Within this material, how many lines have the string "also" in them? The answer is a number, with nothing added.

———

lemma sum_reward_lower:
  assumes j: "1 \<le> j" "j \<le> h"
  shows "real n * Pc n h / real h * real ((h - j) choose 3) + 1 \<le> (\<Sum>i=1..j. reward n h i (j - i))"
  using sum_reward_split[OF j(1)] reward_zero_lower[of j "h - j" h] j
    sum_nonneg[of "{1..j-1}" "\<lambda>i. reward n h i (j - i)", OF reward_nonneg]
  by simp

lemma expected_cost_upper:
  assumes h: "1 \<le> h"
  shows "expected_cost n h \<le> 3 * ((Pc n h)\<^sup>2 * real n * (real h)\<^sup>2)"
proof -
  define P where "P = Pc n h"
  have P: "0 \<le> P" "1 \<le> real n * P" using Pc_nonneg one_le_of_nat_mult_Pc[OF n h] by (auto simp: P_def)
  have "expected_cost n h \<le> (\<Sum>j=1..h. prob n * (1 - prob n) ^ (j - 1) * (real h * (real h * ((real n + 1) * P) + 1)))"
    unfolding expected_cost_def P_def
    using prob_nonneg[of n] prob_le_one[of n]
    by (intro sum_mono mult_left_mono sum_reward_upper) auto
  also have "\<dots> = P * (real h * (real h * ((real n + 1) * P) + 1))"
    unfolding P_def Pc_def by (simp add: sum_distrib_right)
  also have "\<dots> = (real n + 1) * P\<^sup>2 * (real h)\<^sup>2 + P * real h"
    by (simp add: power2_eq_square algebra_simps)
  also have "\<dots> \<le> 2 * real n * P\<^sup>2 * (real h)\<^sup>2 + P * real h * (real n * P * real h)"
  proof (intro add_mono)
    show "(real n + 1) * P\<^sup>2 * (real h)\<^sup>2 \<le> 2 * real n * P\<^sup>2 * (real h)\<^sup>2"
      using n by (intro mult_right_mono) auto
    have "1 \<le> real n * P * real h"
      using P h mult_mono[OF P(2), of 1 "real h"] by simp
    then show "P * real h \<le> P * real h * (real n * P * real h)"
      using P mult_left_mono[of 1 "real n * P * real h" "P * real h"] by simp
  qed
  finally show ?thesis
    by (simp add: P_def power2_eq_square algebra_simps)
qed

———

Response box
3